On one hand, it's not that important that it's a popularity contest— does it solve your problem, good, use it.
On the other, MongoDB is different, right, it's not a relational database that people have been using for thirty years and we call that axiom conversation, I had at the beginning, if you are the one adopting MongoDB you have to take this idea and present it to the people that run the business, to your managers, to the tech team and say hey this is a safe thing for us to do, this is a good thing for us to do.
And so, by looking at the other users of MongoDB, how they're using it and how much data and traffic they are passing through it can give you some really good support like hey look it's working well for these companies, and they're way more risk adverse than we are, so if they can use it, we can totally use it.
So, with that in mind, let's go look at who uses MongoDB, so they have a whole page who uses MongoDB right here, we can flip through and there's a few major ones; so we've got MetLife, they're doing some pretty interesting things obviously they are a large insurance company they have a single view of a hundred million customers across 70 systems and they built this whole thing up on Mongo and it's 90 days, that's pretty cool.

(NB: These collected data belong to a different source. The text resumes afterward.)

(* Assume (A1) and (A2) below. Then for any policy $\pi$ and any $s\in\mathcal S$, the posterior variance of the value function $U_t^\pi(s)=\mathbb{V}_{p\sim\Phi_t}\big[V^{\pi,p}(s)\big]$ satisfies the uncertainty Bellman equation $$U_t^\pi(s)=\gamma^2u_t(s)+\gamma^2\sum_{a,s'}\pi(a\mid s)\,\bar p_t(s'\mid s,a)\,U_t^\pi(s'),$$ where the local uncertainty is $$u_t(s)=\mathbb{V}_{a,s'\sim\pi,\bar p_t}\big[\bar V_t^\pi(s')\big]-\mathbb{E}_{p\sim\Phi_t}\Big[\mathbb{V}_{a,s'\sim\pi,p}\big[V^{\pi,p}(s')\big]\Big].$$
   Context: Let $\mathcal S$ be a finite state space, $\mathcal A$ a finite action space, $r:\mathcal S\times\mathcal A\to\mathbb R$ a known bounded (deterministic) reward function and $\gamma\in[0,1)$ a discount factor. A transition function $p$ assigns to each $(s,a)$ a probability distribution $p(\cdot\mid s,a)$ on $\mathcal S$. A policy $\pi$ gives distributions $\pi(\cdot\mid s)$ on $\mathcal A$. For a transition function $p$, the value function is $V^{\pi,p}(s)=\mathbb E\big[\sum_{h\ge 0}\gamma^h r(s_h,a_h)\mid s_0=s\big]$ with $a_h\sim\pi(\cdot\mid s_h)$, $s_{h+1}\sim p(\cdot\mid s_h,a_h)$. The transition function $p$ is a random variable with (posterior) distribution $\Phi_t$. Define $\bar p_t(s'\mid s,a)=\mathbb E_{p\sim\Phi_t}[p(s'\mid s,a)]$ and $\bar V^\pi_t(s)=\mathbb E_{p\sim\Phi_t}[V^{\pi,p}(s)]$. For a transition function $q$ and a function $f$ on $\mathcal S$, $\mathbb V_{a,s'\sim\pi,q}[f(s')]$ denotes the variance of $f(s')$ when $a\sim\pi(\cdot\mid s)$ and $s'\sim q(\cdot\mid s,a)$. Assumptions: (A1) (independent transitions) $p(s'\mid x,a)$ and $p(s'\mid y,a)$ are independent random variables if $x\neq y$; (A2) (acyclic MDP) the MDP is a directed acyclic graph, i.e., states are not visited more than once in any given episode. *)

theory Defs
  imports "HOL-Probability.Probability"
begin

definition is_dist :: "('x::finite \<Rightarrow> real) \<Rightarrow> bool" where
  "is_dist w \<longleftrightarrow> (\<forall>x. 0 \<le> w x) \<and> (\<Sum>x\<in>UNIV. w x) = 1"

text \<open>occ pol p h s x = probability that s_h = x when s_0 = s, a_k ~ pol(.|s_k),
  s_{k+1} ~ p(.|s_k,a_k).\<close>
fun occ :: "('s::finite \<Rightarrow> 'a::finite \<Rightarrow> real) \<Rightarrow> ('s \<Rightarrow> 'a \<Rightarrow> 's \<Rightarrow> real)
             \<Rightarrow> nat \<Rightarrow> 's \<Rightarrow> 's \<Rightarrow> real" where
  "occ pol p 0 s x = (if x = s then 1 else 0)"
| "occ pol p (Suc h) s x = (\<Sum>y\<in>UNIV. occ pol p h s y * (\<Sum>a\<in>UNIV. pol y a * p y a x))"

definition mdp_value :: "real \<Rightarrow> ('s::finite \<Rightarrow> 'a::finite \<Rightarrow> real) \<Rightarrow> ('s \<Rightarrow> 'a \<Rightarrow> real)
             \<Rightarrow> ('s \<Rightarrow> 'a \<Rightarrow> 's \<Rightarrow> real) \<Rightarrow> 's \<Rightarrow> real" where
  "mdp_value \<gamma> r pol p s =
     (\<Sum>h. \<gamma> ^ h * (\<Sum>x\<in>UNIV. occ pol p h s x * (\<Sum>a\<in>UNIV. pol x a * r x a)))"

definition step_var :: "('s::finite \<Rightarrow> 'a::finite \<Rightarrow> real) \<Rightarrow> ('s \<Rightarrow> 'a \<Rightarrow> 's \<Rightarrow> real)
             \<Rightarrow> 's \<Rightarrow> ('s \<Rightarrow> real) \<Rightarrow> real" where
  "step_var pol q s f =
     (let m = (\<Sum>a\<in>UNIV. \<Sum>s'\<in>UNIV. pol s a * q s a s' * f s')
      in (\<Sum>a\<in>UNIV. \<Sum>s'\<in>UNIV. pol s a * q s a s' * (f s' - m)\<^sup>2))"

text \<open>Posterior quantities: the random transition function is P : Omega -> transitions,
  with Omega carrying the probability measure M (law of P is Phi_t).\<close>
definition mean_trans :: "'w measure \<Rightarrow> ('w \<Rightarrow> 's \<Rightarrow> 'a \<Rightarrow> 's \<Rightarrow> real) \<Rightarrow> 's \<Rightarrow> 'a \<Rightarrow> 's \<Rightarrow> real" where
  "mean_trans M P s a s' = prob_space.expectation M (\<lambda>\<omega>. P \<omega> s a s')"

definition mean_value :: "'w measure \<Rightarrow> ('w \<Rightarrow> 's::finite \<Rightarrow> 'a::finite \<Rightarrow> 's \<Rightarrow> real)
             \<Rightarrow> real \<Rightarrow> ('s \<Rightarrow> 'a \<Rightarrow> real) \<Rightarrow> ('s \<Rightarrow> 'a \<Rightarrow> real) \<Rightarrow> 's \<Rightarrow> real" where
  "mean_value M P \<gamma> r pol s = prob_space.expectation M (\<lambda>\<omega>. mdp_value \<gamma> r pol (P \<omega>) s)"

definition post_var :: "'w measure \<Rightarrow> ('w \<Rightarrow> 's::finite \<Rightarrow> 'a::finite \<Rightarrow> 's \<Rightarrow> real)
             \<Rightarrow> real \<Rightarrow> ('s \<Rightarrow> 'a \<Rightarrow> real) \<Rightarrow> ('s \<Rightarrow> 'a \<Rightarrow> real) \<Rightarrow> 's \<Rightarrow> real" where
  "post_var M P \<gamma> r pol s = prob_space.variance M (\<lambda>\<omega>. mdp_value \<gamma> r pol (P \<omega>) s)"

definition local_unc :: "'w measure \<Rightarrow> ('w \<Rightarrow> 's::finite \<Rightarrow> 'a::finite \<Rightarrow> 's \<Rightarrow> real)
             \<Rightarrow> real \<Rightarrow> ('s \<Rightarrow> 'a \<Rightarrow> real) \<Rightarrow> ('s \<Rightarrow> 'a \<Rightarrow> real) \<Rightarrow> 's \<Rightarrow> real" where
  "local_unc M P \<gamma> r pol s =
     step_var pol (mean_trans M P) s (mean_value M P \<gamma> r pol)
     - prob_space.expectation M (\<lambda>\<omega>. step_var pol (P \<omega>) s (mdp_value \<gamma> r pol (P \<omega>)))"

end

theory Submission
  imports Defs
begin

(* By the Bellman equation, V_p(s) = R(s) + gamma X_p with X_p = sum_{a,s'} pi(a|s) p(s'|s,a) V_p(s'),
   so the posterior variance of V(s) is gamma^2 Var[X]. Acyclicity means V_p(s') depends only on
   the rows p(.|x,.) of states x of lower rank than s, which by (A1) are independent of the row
   p(.|s,.); an absorbing state instead has a deterministic row. Either way
   E[p(s'|s,a) g(V(s'))] = pbar(s'|s,a) E[g(V(s'))]. With g = id this gives E[X], and with
   g = square, together with the pointwise identity X_p^2 = E_{pi,p}[V_p(s')^2] - Var_{pi,p}[V_p(s')],
   it gives E[X^2]; subtracting yields the uncertainty Bellman equation. *)

definition policy_trans :: "('s::finite \<Rightarrow> 'a::finite \<Rightarrow> real) \<Rightarrow> ('s \<Rightarrow> 'a \<Rightarrow> 's \<Rightarrow> real) \<Rightarrow> 's \<Rightarrow> 's \<Rightarrow> real"
  where "policy_trans pol p x y = (\<Sum>a\<in>UNIV. pol x a * p x a y)"

definition policy_reward :: "('s::finite \<Rightarrow> 'a::finite \<Rightarrow> real) \<Rightarrow> ('s \<Rightarrow> 'a \<Rightarrow> real) \<Rightarrow> 's \<Rightarrow> real"
  where "policy_reward pol r x = (\<Sum>a\<in>UNIV. pol x a * r x a)"

definition step_mean :: "('s::finite \<Rightarrow> 'a::finite \<Rightarrow> real) \<Rightarrow> ('s \<Rightarrow> 'a \<Rightarrow> 's \<Rightarrow> real)
    \<Rightarrow> 's \<Rightarrow> ('s \<Rightarrow> real) \<Rightarrow> real"
  where "step_mean pol q s f = (\<Sum>a\<in>UNIV. \<Sum>s'\<in>UNIV. pol s a * q s a s' * f s')"

definition expected_reward :: "('s::finite \<Rightarrow> 'a::finite \<Rightarrow> real) \<Rightarrow> ('s \<Rightarrow> 'a \<Rightarrow> 's \<Rightarrow> real)
    \<Rightarrow> ('s \<Rightarrow> 'a \<Rightarrow> real) \<Rightarrow> nat \<Rightarrow> 's \<Rightarrow> real"
  where "expected_reward pol p r h s = (\<Sum>x\<in>UNIV. occ pol p h s x * policy_reward pol r x)"

lemma is_dist_nonneg: "is_dist w \<Longrightarrow> 0 \<le> w x"
  by (simp add: is_dist_def)

lemma is_dist_sum: "is_dist w \<Longrightarrow> (\<Sum>x\<in>UNIV. w x) = 1"
  by (simp add: is_dist_def)

lemma is_dist_le_1:
  assumes "is_dist w"
  shows "w x \<le> 1"
proof -
  have "w x \<le> (\<Sum>y\<in>UNIV. w y)"
    using assms by (intro member_le_sum) (auto simp: is_dist_nonneg)
  then show ?thesis
    using assms by (simp add: is_dist_sum)
qed

lemma is_dist_eq_0_if_eq_1:
  assumes w: "is_dist w" and "w x = 1" "y \<noteq> x"
  shows "w y = 0"
proof -
  have "(\<Sum>z\<in>UNIV. w z) = w x + (\<Sum>z\<in>UNIV - {x}. w z)"
    by (simp add: sum.remove)
  then have "(\<Sum>z\<in>UNIV - {x}. w z) = 0"
    using assms by (simp add: is_dist_sum)
  then show ?thesis
    using w \<open>y \<noteq> x\<close> by (simp add: sum_nonneg_eq_0_iff is_dist_nonneg)
qed

lemma step_mean_add:
  "step_mean pol q s (\<lambda>y. f y + g y) = step_mean pol q s f + step_mean pol q s g"
  by (simp add: step_mean_def distrib_left sum.distrib)

lemma step_mean_eq_policy_trans:
  "step_mean pol q s f = (\<Sum>y\<in>UNIV. policy_trans pol q s y * f y)"
  unfolding step_mean_def policy_trans_def sum_distrib_right by (rule sum.swap)

lemma step_var_eq:
  assumes "step_mean pol q s (\<lambda>_. 1) = 1"
  shows "step_var pol q s f = step_mean pol q s (\<lambda>y. (f y)\<^sup>2) - (step_mean pol q s f)\<^sup>2"
proof -
  define m where "m = step_mean pol q s f"
  have "step_var pol q s f = step_mean pol q s (\<lambda>y. (f y - m)\<^sup>2)"
    by (simp add: step_var_def step_mean_def m_def)
  also have "\<dots> = step_mean pol q s (\<lambda>y. (f y)\<^sup>2) - 2 * m * step_mean pol q s f + m\<^sup>2 * step_mean pol q s (\<lambda>_. 1)"
    by (simp add: step_mean_def power2_diff algebra_simps sum.distrib sum_subtractf sum_distrib_left)
  finally show ?thesis
    using assms by (simp add: m_def power2_eq_square)
qed

lemma occ_Suc_right: "occ pol p (Suc h) s x = (\<Sum>y\<in>UNIV. occ pol p h s y * policy_trans pol p y x)"
  by (simp add: policy_trans_def)

declare occ.simps(2)[simp del]

lemma occ_Suc_left: "occ pol p (Suc h) s x = (\<Sum>y\<in>UNIV. policy_trans pol p s y * occ pol p h y x)"
proof (induction h arbitrary: x)
  case 0
  show ?case
    by (simp add: occ_Suc_right if_distrib if_distribR cong: if_cong)
next
  case (Suc h)
  have "occ pol p (Suc (Suc h)) s x
      = (\<Sum>y\<in>UNIV. (\<Sum>z\<in>UNIV. policy_trans pol p s z * occ pol p h z y) * policy_trans pol p y x)"
    by (simp only: occ_Suc_right[of _ _ "Suc h"] Suc.IH)
  also have "\<dots> = (\<Sum>z\<in>UNIV. policy_trans pol p s z * (\<Sum>y\<in>UNIV. occ pol p h z y * policy_trans pol p y x))"
    unfolding sum_distrib_right sum_distrib_left mult.assoc by (rule sum.swap)
  finally show ?case
    by (simp add: occ_Suc_right)
qed

lemma expected_reward_Suc:
  "expected_reward pol p r (Suc h) s = (\<Sum>y\<in>UNIV. policy_trans pol p s y * expected_reward pol p r h y)"
  unfolding expected_reward_def occ_Suc_left sum_distrib_right sum_distrib_left mult.assoc
  by (rule sum.swap)

lemma mdp_value_eq_suminf: "mdp_value \<gamma> r pol p s = (\<Sum>h. \<gamma> ^ h * expected_reward pol p r h s)"
  by (simp add: mdp_value_def expected_reward_def policy_reward_def)

locale stochastic_mdp =
  fixes pol :: "'s::finite \<Rightarrow> 'a::finite \<Rightarrow> real" and p :: "'s \<Rightarrow> 'a \<Rightarrow> 's \<Rightarrow> real"
  assumes policy_dist: "\<And>x. is_dist (pol x)" and trans_dist: "\<And>x a. is_dist (p x a)"
begin

lemma policy_trans_nonneg: "0 \<le> policy_trans pol p x y"
  unfolding policy_trans_def
  by (intro sum_nonneg mult_nonneg_nonneg is_dist_nonneg policy_dist trans_dist)

lemma policy_trans_sum: "(\<Sum>y\<in>UNIV. policy_trans pol p x y) = 1"
  unfolding policy_trans_def
  by (subst sum.swap) (simp add: sum_distrib_left[symmetric] is_dist_sum policy_dist trans_dist)

lemma step_mean_const_1: "step_mean pol p s (\<lambda>_. 1) = 1"
  by (simp add: step_mean_eq_policy_trans policy_trans_sum)

lemma occ_nonneg: "0 \<le> occ pol p h s x"
  by (induction h arbitrary: x)
     (auto intro!: sum_nonneg mult_nonneg_nonneg policy_trans_nonneg simp: occ_Suc_right)

lemma occ_sum: "(\<Sum>x\<in>UNIV. occ pol p h s x) = 1"
proof (induction h)
  case 0
  then show ?case by simp
next
  case (Suc h)
  have "(\<Sum>x\<in>UNIV. occ pol p (Suc h) s x)
      = (\<Sum>y\<in>UNIV. occ pol p h s y * (\<Sum>x\<in>UNIV. policy_trans pol p y x))"
    unfolding occ_Suc_right sum_distrib_left by (rule sum.swap)
  then show ?case
    by (simp add: policy_trans_sum Suc)
qed

lemma occ_le_1: "occ pol p h s x \<le> 1"
  by (rule is_dist_le_1) (simp add: is_dist_def occ_nonneg occ_sum)

lemma abs_expected_reward_le: "\<bar>expected_reward pol p r h s\<bar> \<le> (\<Sum>x\<in>UNIV. \<bar>policy_reward pol r x\<bar>)"
proof -
  have "\<bar>expected_reward pol p r h s\<bar> \<le> (\<Sum>x\<in>UNIV. \<bar>occ pol p h s x * policy_reward pol r x\<bar>)"
    unfolding expected_reward_def by (rule sum_abs)
  also have "\<dots> \<le> (\<Sum>x\<in>UNIV. \<bar>policy_reward pol r x\<bar>)"
    by (intro sum_mono) (auto simp: abs_mult occ_nonneg occ_le_1 intro!: mult_left_le_one_le)
  finally show ?thesis .
qed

Expedia uses it for millions of customers while they're looking for travel, that's great.
Now let's look at some more, you can see the scrollbar, this is actually huge, so let's scroll down to find some interesting ones.
So let's say Royal Bank of Scotland, this supports the bank's enterprise data services underpinning several core trading systems, okay that's intense, right, like if you're debating whether or not this can do like you know some probably not super intense for the majority of the students part of your app, if Royal Bank of Scotland is going to make this part of their core trading systems that's really putting a lot of faith in it.
Biotech, they use this to accelerate their drug testing, Facebook, they have a whole bunch of interesting things that they're doing with Mongo, they ran like a backend as a service of Mongo when they acquired Parse, but they're not doing platform stuff like they used to.
Now let's flip around, let's have a look at say ebay they're doing delivering all their media metadata with five nines for liability; Barclays, a big bank, so they've replaced a whole bunch of relational systems there, let's keep going, come down here to our friends in Germany, they built a pretty amazing internet of things platform on top of MongoDB, come down look the New York Times, they basically did all their social sharing activity on top of MongoDB, Business Insider, you probably run across Business Insider the website, so they've been around since 2009, they launched in New York city, and their whole site runs on MongoDB, which is pretty awesome.
Speaking of business, let's look at Forbes, they rebuilt their whole cms on top of MongoDb, resulting in a jump of 5 to 15 percent in mobile traffic overnight, that's really cool.
So Carfax, they sell cars online and in person so a ton of traffic happening there, that's really cool.
Cern, I love Cern, these guys at the Large Hadron Colider they're using MongoDB to manage the data while they're searching for the Higgs Boson which I think this probably needs updating because as they now have found the Higgs Boson and won the Nobel Prize as a part of that.
Another interesting a long time user of MongoDB is Foursquare; so Foursquare is as far as I know more or less entirely powered by MongoDB and here you can say it powers the processing storage of all check ins with hundreds of thousands of IOPS on MongoDB, that's hundreds of thousands of operations, input/ output operations per second on MongoDB, which is really, really cool.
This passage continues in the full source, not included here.